• INPUT DATA:
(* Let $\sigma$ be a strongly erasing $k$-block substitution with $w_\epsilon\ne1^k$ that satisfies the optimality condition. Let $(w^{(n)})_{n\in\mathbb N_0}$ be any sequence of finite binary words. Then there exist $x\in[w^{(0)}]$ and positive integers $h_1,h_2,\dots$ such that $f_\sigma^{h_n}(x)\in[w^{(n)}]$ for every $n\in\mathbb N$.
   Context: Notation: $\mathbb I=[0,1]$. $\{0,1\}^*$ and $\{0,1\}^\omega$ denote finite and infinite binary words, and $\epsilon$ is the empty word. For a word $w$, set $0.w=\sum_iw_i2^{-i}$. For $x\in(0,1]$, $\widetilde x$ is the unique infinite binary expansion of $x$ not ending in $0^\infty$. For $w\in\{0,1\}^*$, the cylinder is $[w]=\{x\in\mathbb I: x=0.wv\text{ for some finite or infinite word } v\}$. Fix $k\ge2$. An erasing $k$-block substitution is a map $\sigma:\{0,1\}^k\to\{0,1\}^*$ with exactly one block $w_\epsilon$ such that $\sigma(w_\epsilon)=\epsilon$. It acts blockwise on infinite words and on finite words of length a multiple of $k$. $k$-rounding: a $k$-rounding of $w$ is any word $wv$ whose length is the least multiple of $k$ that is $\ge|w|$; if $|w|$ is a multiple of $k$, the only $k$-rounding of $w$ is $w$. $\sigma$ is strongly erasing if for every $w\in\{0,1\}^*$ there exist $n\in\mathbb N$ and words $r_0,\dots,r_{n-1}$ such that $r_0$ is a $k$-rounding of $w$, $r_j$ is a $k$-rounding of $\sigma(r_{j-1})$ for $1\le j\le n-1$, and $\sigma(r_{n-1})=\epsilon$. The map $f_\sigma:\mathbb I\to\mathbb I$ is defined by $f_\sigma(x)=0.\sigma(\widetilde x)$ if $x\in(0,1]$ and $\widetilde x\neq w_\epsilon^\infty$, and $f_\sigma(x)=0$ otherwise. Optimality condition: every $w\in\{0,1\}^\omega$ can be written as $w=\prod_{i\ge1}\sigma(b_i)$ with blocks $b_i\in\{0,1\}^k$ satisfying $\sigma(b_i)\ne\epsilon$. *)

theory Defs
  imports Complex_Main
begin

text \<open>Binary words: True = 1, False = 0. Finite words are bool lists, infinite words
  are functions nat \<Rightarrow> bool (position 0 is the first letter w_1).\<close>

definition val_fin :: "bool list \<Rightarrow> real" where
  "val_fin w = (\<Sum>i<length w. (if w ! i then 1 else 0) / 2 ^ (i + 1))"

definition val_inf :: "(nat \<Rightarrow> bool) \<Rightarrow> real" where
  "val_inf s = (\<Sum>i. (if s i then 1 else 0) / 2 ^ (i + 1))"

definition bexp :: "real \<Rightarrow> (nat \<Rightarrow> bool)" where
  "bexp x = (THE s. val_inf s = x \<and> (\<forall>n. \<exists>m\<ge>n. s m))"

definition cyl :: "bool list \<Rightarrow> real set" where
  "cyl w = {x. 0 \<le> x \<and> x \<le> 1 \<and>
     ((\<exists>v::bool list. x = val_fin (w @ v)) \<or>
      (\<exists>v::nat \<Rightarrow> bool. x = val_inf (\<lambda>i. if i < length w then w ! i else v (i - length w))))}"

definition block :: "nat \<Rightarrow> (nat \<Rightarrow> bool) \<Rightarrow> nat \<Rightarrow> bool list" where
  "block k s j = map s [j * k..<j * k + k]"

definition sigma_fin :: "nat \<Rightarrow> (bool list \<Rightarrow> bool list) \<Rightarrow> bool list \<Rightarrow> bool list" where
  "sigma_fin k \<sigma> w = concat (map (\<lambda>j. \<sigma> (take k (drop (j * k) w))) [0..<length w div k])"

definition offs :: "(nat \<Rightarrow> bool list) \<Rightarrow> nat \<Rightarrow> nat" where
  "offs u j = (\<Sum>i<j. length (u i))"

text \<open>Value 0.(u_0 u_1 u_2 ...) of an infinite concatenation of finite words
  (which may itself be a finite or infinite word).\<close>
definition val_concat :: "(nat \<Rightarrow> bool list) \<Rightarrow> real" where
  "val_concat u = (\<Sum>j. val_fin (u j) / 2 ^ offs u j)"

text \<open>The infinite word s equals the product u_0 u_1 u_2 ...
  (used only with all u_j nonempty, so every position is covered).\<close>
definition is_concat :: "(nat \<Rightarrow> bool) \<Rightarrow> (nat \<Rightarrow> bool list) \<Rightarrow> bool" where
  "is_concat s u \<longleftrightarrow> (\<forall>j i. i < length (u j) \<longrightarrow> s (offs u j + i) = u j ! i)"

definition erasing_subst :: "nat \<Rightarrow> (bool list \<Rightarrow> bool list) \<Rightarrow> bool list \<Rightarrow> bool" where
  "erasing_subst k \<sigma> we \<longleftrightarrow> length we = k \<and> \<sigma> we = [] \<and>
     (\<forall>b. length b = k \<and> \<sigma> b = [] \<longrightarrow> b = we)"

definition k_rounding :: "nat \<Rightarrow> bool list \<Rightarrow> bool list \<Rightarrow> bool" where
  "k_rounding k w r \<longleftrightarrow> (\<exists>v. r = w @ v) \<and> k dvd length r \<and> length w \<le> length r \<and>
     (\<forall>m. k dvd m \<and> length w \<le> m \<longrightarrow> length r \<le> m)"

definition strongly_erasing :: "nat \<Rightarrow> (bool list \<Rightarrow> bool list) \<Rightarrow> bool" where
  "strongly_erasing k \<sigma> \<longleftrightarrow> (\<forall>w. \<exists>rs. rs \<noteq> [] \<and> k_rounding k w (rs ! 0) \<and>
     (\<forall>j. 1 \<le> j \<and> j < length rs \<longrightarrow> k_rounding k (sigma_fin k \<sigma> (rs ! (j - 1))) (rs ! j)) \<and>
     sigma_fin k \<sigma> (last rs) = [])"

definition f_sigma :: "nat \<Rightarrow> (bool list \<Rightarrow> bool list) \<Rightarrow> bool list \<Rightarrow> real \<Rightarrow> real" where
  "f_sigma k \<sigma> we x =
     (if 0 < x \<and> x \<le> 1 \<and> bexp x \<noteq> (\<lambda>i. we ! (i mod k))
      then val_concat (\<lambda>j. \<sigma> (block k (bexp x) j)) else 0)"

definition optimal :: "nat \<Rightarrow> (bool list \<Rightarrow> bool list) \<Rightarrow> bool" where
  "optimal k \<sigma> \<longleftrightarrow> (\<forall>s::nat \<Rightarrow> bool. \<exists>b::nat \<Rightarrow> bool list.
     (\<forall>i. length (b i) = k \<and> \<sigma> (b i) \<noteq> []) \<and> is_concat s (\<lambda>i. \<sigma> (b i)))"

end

• EXERCISE REQUIREMENTS: Identify each line in the records above that contains the word "bexp", and copy it out in full.

• RESULT OF THIS EXERCISE:
definition bexp :: "real \<Rightarrow> (nat \<Rightarrow> bool)" where
  "bexp x = (THE s. val_inf s = x \<and> (\<forall>n. \<exists>m\<ge>n. s m))"
     (if 0 < x \<and> x \<le> 1 \<and> bexp x \<noteq> (\<lambda>i. we ! (i mod k))
      then val_concat (\<lambda>j. \<sigma> (block k (bexp x) j)) else 0)"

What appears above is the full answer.